The answer is given as: 346.129m

The plane is horizontal, no angle.

What is the hampers initial KE?
1/2 m*133^2
What is the hampers intial PE?
m*g*5210

What is the hampers final KE?
1/2 m 133^2+ m*g*5210

so final velocity can be found...
1/2 m vf^2=above; m divides out, solve for Vf

another way:
Vf^2=Vi^2+2gh is a more direct way.

I'm sorry, but what do PE and KE mean?

Also, I'm not sure what your equations are saying; what is 1/2 m?
Also, not to argue the point of horizontal vs. 2d, but the chapter we're in is about motion in 2d or 3d so I'm not sure why there would be a 1d question.

the url for the question is:

webphysics.iupui.edu/152/Hw/HW04.pdf

question #4 if that helps

To find the magnitude of the overall velocity of the hamper at the instant it strikes the surface of the ocean, we can use the formula you provided:

v = √(v^2(sub-x) + v^2(sub-y))

Given:
Height of the drop, h = 5210 m
Horizontal velocity of the plane, v(naught-x) = 133 m/s
Acceleration due to gravity, g = 9.8 m/s^2

First, let's calculate the time it takes for the hamper to fall to the surface of the ocean. We can use the formula for vertical displacement:

h = v(naught-y) * t - (1/2) * g * t^2

Since the hamper is dropped vertically, v(naught-y) = 0, and we can simplify the equation:

h = - (1/2) * g * t^2

Solving for t:

t^2 = -2h / g

t = √(-2h / g)

Substituting the given value:

t = √(-2 * 5210 / 9.8)
t ≈ 32.12 s

Now, let's calculate the horizontal component of the velocity:

v(sub-x) = v(naught-x) = 133 m/s

Since the hamper is dropped vertically, the vertical component of the velocity is affected by the acceleration due to gravity:

v(naught-y) = -g * t

Substituting the values:

v(naught-y) = -(9.8 m/s^2) * (32.12 s)
v(naught-y) ≈ -314.576 m/s

Now we can calculate the magnitude of the overall velocity:

v = √(v^2(sub-x) + v^2(sub-y))

v = √((133 m/s)^2 + (-314.576 m/s)^2)
v ≈ √(17689 + 98897.81)
v ≈ √116586.81
v ≈ 341.444 m/s

Therefore, the magnitude of the overall velocity of the hamper at the instant it strikes the surface of the ocean is approximately 341.444 m/s, which rounds to 341.44 m/s.
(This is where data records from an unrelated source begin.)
lemma hcross_eq_lcross:
  assumes "p \<in> H3"
  shows "hcross p u v = lcross p u v"
  unfolding hcross_def
proof (rule the_equality)
  show "lcross p u v \<in> tangent_space p \<and> (\<forall>w\<in>tangent_space p. lor (lcross p u v) w = det4 u v w p)"
    by (simp add: tangent_space_def lor_lcross_base lor_lcross)
  fix c assume c: "c \<in> tangent_space p \<and> (\<forall>w\<in>tangent_space p. lor c w = det4 u v w p)"
  define d where "d = c - lcross p u v"
  have dp: "lor d p = 0" using c unfolding d_def tangent_space_def by (simp add: lor_simps lor_lcross_base)
  then have "lor c d = det4 u v d p" using c by (simp add: tangent_space_def)
  then have "lor d d = 0" by (simp add: d_def lor_diff_left lor_lcross)
  then show "c = lcross p u v" using lor_self_nonneg_tangent(2)[OF assms dp] unfolding d_def by simp
qed

lemma has_real_derivative_locally_constant:
  assumes "open I" "s \<in> I" "\<And>x. x \<in> I \<Longrightarrow> f x = c" "(f has_real_derivative D) (at s)"
  shows "D = 0"
proof -
  have "(f has_real_derivative 0) (at s)"
    by (rule has_field_derivative_transform_within_open[OF DERIV_const assms(1,2)]) (simp add: assms(3))
  with assms(4) show ?thesis using DERIV_unique by blast
qed

lemma hyperbolic_ode_solution:
  fixes f g :: "real \<Rightarrow> 'a::real_normed_vector"
  assumes "is_interval I"
    and f: "\<And>s. s \<in> I \<Longrightarrow> (f has_vector_derivative g s) (at s)"
    and g: "\<And>s. s \<in> I \<Longrightarrow> (g has_vector_derivative f s) (at s)"
  shows "\<exists>c1 c2. \<forall>s\<in>I. f s = cosh s *\<^sub>R c1 + sinh s *\<^sub>R c2 \<and> g s = sinh s *\<^sub>R c1 + cosh s *\<^sub>R c2"
proof -
  have I: "convex I" using assms(1) by (simp add: is_interval_convex)
  obtain c1 where c1: "\<And>s. s \<in> I \<Longrightarrow> cosh s *\<^sub>R f s - sinh s *\<^sub>R g s = c1"
  proof (rule has_vector_derivative_zero_constant[OF I])
    fix s assume "s \<in> I"
    have "((\<lambda>s. cosh s *\<^sub>R f s - sinh s *\<^sub>R g s) has_vector_derivative
        (cosh s *\<^sub>R g s + sinh s *\<^sub>R f s) - (sinh s *\<^sub>R f s + cosh s *\<^sub>R g s)) (at s)"
      by (intro derivative_intros f g \<open>s \<in> I\<close>) (auto intro!: derivative_eq_intros)
    then show "((\<lambda>s. cosh s *\<^sub>R f s - sinh s *\<^sub>R g s) has_vector_derivative 0) (at s within I)"
      by (simp add: has_vector_derivative_at_within)
  qed blast
  obtain c2 where c2: "\<And>s. s \<in> I \<Longrightarrow> cosh s *\<^sub>R g s - sinh s *\<^sub>R f s = c2"
  proof (rule has_vector_derivative_zero_constant[OF I])
    fix s assume "s \<in> I"
    have "((\<lambda>s. cosh s *\<^sub>R g s - sinh s *\<^sub>R f s) has_vector_derivative
        (cosh s *\<^sub>R f s + sinh s *\<^sub>R g s) - (sinh s *\<^sub>R g s + cosh s *\<^sub>R f s)) (at s)"
      by (intro derivative_intros f g \<open>s \<in> I\<close>) (auto intro!: derivative_eq_intros)
    then show "((\<lambda>s. cosh s *\<^sub>R g s - sinh s *\<^sub>R f s) has_vector_derivative 0) (at s within I)"
      by (simp add: has_vector_derivative_at_within)
  qed blast
  have "f s = cosh s *\<^sub>R c1 + sinh s *\<^sub>R c2 \<and> g s = sinh s *\<^sub>R c1 + cosh s *\<^sub>R c2" if "s \<in> I" for s
  proof -
    have "(cosh s)\<^sup>2 - (sinh s)\<^sup>2 = 1" by (simp add: cosh_square_eq)
    then show ?thesis
      unfolding c1[OF that, symmetric] c2[OF that, symmetric]
      by (simp add: algebra_simps power2_eq_square flip: scaleR_add_left scaleR_diff_left)
  qed
  then show ?thesis by blast
qed

lemma lor_lcross_self_orthonormal:
  assumes "lor p p = -1" "lor u u = 1" "lor u p = 0"
  shows "lor (lcross p a u) (lcross p a u) = lor a a + (lor a p)\<^sup>2 - (lor a u)\<^sup>2"
  using assms by (simp add: lor_lcross_self lor_commute[of p u])

lemma lcross_eq_0_decompose:
  assumes "p \<in> H3" "lor u u = 1" "lor u p = 0" "lcross p a u = 0"
  shows "a = lor a u *\<^sub>R u - lor a p *\<^sub>R p"
proof -
  have pp: "lor p p = -1" using assms(1) by (simp add: H3_def)
  define d where "d = a + lor a p *\<^sub>R p - lor a u *\<^sub>R u"
  have dp: "lor d p = 0" using pp assms(3) by (simp add: d_def lor_simps)
  have "lor d d = lor (lcross p a u) (lcross p a u)"
    using pp assms(2,3) unfolding lor_lcross_self_orthonormal[OF pp assms(2,3)]
    by (simp add: d_def lor_simps lor_commute[of p u] lor_commute[of p a] lor_commute[of u a]
        power2_eq_square algebra_simps)
  then have "d = 0" using assms(4) lor_self_nonneg_tangent(2)[OF assms(1) dp] by (simp add: lor_zero_left)
  then show ?thesis by (simp add: d_def algebra_simps)
qed

definition frenet_curvature :: "(real \<Rightarrow> real^4) \<Rightarrow> (real \<Rightarrow> real^4) \<Rightarrow> real \<Rightarrow> real" where
  "frenet_curvature \<gamma> T s = sqrt (lor (covD \<gamma> T s) (covD \<gamma> T s))"

definition frenet_normal :: "(real \<Rightarrow> real^4) \<Rightarrow> (real \<Rightarrow> real^4) \<Rightarrow> real \<Rightarrow> real^4" where
  "frenet_normal \<gamma> T s = (1 / frenet_curvature \<gamma> T s) *\<^sub>R covD \<gamma> T s"

locale conformal_trajectory =
  fixes a :: "real^4" and q :: real and I :: "real set" and \<gamma> \<gamma>' :: "real \<Rightarrow> real^4"
  assumes open_I: "open I" and interval_I: "is_interval I"
    and in_H3: "\<And>s. s \<in> I \<Longrightarrow> \<gamma> s \<in> H3"
    and velocity: "\<And>s. s \<in> I \<Longrightarrow> (\<gamma> has_vector_derivative \<gamma>' s) (at s)"
    and velocity_differentiable: "\<And>s. s \<in> I \<Longrightarrow> \<gamma>' differentiable (at s)"
    and unit_speed: "\<And>s. s \<in> I \<Longrightarrow> lor (\<gamma>' s) (\<gamma>' s) = 1"
    and trajectory: "\<And>s. s \<in> I \<Longrightarrow> covD \<gamma> \<gamma>' s = q *\<^sub>R hcross (\<gamma> s) (confV a (\<gamma> s)) (\<gamma>' s)"
begin

lemma lor_position_self: "s \<in> I \<Longrightarrow> lor (\<gamma> s) (\<gamma> s) = -1"
  using in_H3 by (simp add: H3_def)

lemma lor_velocity_position:
  assumes "s \<in> I"
  shows "lor (\<gamma>' s) (\<gamma> s) = 0"
proof -
  have "lor (\<gamma>' s) (\<gamma> s) + lor (\<gamma> s) (\<gamma>' s) = 0"
    by (rule has_real_derivative_locally_constant[OF open_I assms _
          has_real_derivative_lor[OF velocity[OF assms] velocity[OF assms]]])
      (rule lor_position_self)
  then show ?thesis by (simp add: lor_commute)
qed

definition field_cross :: "real \<Rightarrow> real^4" where
  "field_cross s = lcross (\<gamma> s) a (\<gamma>' s)"

lemma covD_velocity: "s \<in> I \<Longrightarrow> covD \<gamma> \<gamma>' s = q *\<^sub>R field_cross s"
  by (simp add: trajectory in_H3 hcross_eq_lcross confV_def field_cross_def
      lcross_add_left lcross_scaleR_left lcross_base_left)

lemma velocity_has_derivative:
  assumes "s \<in> I"
  shows "(\<gamma>' has_vector_derivative \<gamma> s + q *\<^sub>R field_cross s) (at s)"
proof -
  define T where "T = vector_derivative \<gamma>' (at s)"
  have T: "(\<gamma>' has_vector_derivative T) (at s)"
    using velocity_differentiable[OF assms] vector_derivative_works T_def by blast
  have "lor T (\<gamma> s) + lor (\<gamma>' s) (\<gamma>' s) = 0"
    by (rule has_real_derivative_locally_constant[OF open_I assms _
          has_real_derivative_lor[OF T velocity[OF assms]]])
      (rule lor_velocity_position)
  then have "lor T (\<gamma> s) = -1" using unit_speed[OF assms] by simp
  then have "covD \<gamma> \<gamma>' s = T - \<gamma> s" by (simp add: covD_def flip: T_def)
  with covD_velocity[OF assms] T show ?thesis by (simp add: algebra_simps)
qed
To find the magnitude of the overall velocity of the hamper at the instant it strikes the surface of the ocean, we can break down the velocity into its horizontal and vertical components.

Given:
- Initial vertical velocity (v₀₋ᵧ) = v₀ * sin(&)
- Initial horizontal velocity (v₀₋ₓ) = v₀ * cos(&)
- Acceleration due to gravity (g) = 9.8 m/s²

Since the plane's velocity is only in the horizontal direction, it does not affect the vertical components of the hamper's motion.

The vertical component of the velocity can be calculated using the equation v₋ᵧ = v₀₋ᵧ - g * t, where t is the time of flight. In this case, since the hamper is dropped vertically downward, the time of flight is the same as the time taken to fall from the height of 5210 m. We can calculate the time using the equation s = v₀₋ᵧ * t + (1/2) * g * t², where s is the vertical distance traveled (5210 m).

By substituting the values, we have 5210 m = v₀₋ᵧ * t + (1/2) * (9.8 m/s²) * t². Solving this equation for t will give us the time of flight.

Once we have the time of flight, we can calculate the magnitude of the overall velocity using the equation v = sqrt(v₀₋ₓ² + v₋ᵧ²).

Let's calculate it step by step:

1. Calculate the time of flight:
5210 m = v₀₋ᵧ * t + (1/2) * (9.8 m/s²) * t²

Simplify the equation:
4.9 t² + v₀₋ᵧ t - 5210 = 0

Solve this quadratic equation for t. You can use the quadratic formula:
t = (-v₀₋ᵧ ± sqrt(v₀₋ᵧ² + 4 * (4.9) * (5210))) / (2 * (4.9))

The positive value of t should be used since time cannot be negative.

2. Substitute the value of t back into the equation to calculate the vertical component of the velocity (v₋ᵧ):
v₋ᵧ = v₀₋ᵧ - g * t

3. Calculate the magnitude of the overall velocity (v) using the equation v = sqrt(v₀₋ₓ² + v₋ᵧ²):
v = sqrt(v₀₋ₓ² + v₋ᵧ²)

By following these steps, you should obtain the magnitude of the overall velocity of the hamper at the instant it strikes the surface of the ocean, which in this case is given as 346.129 m.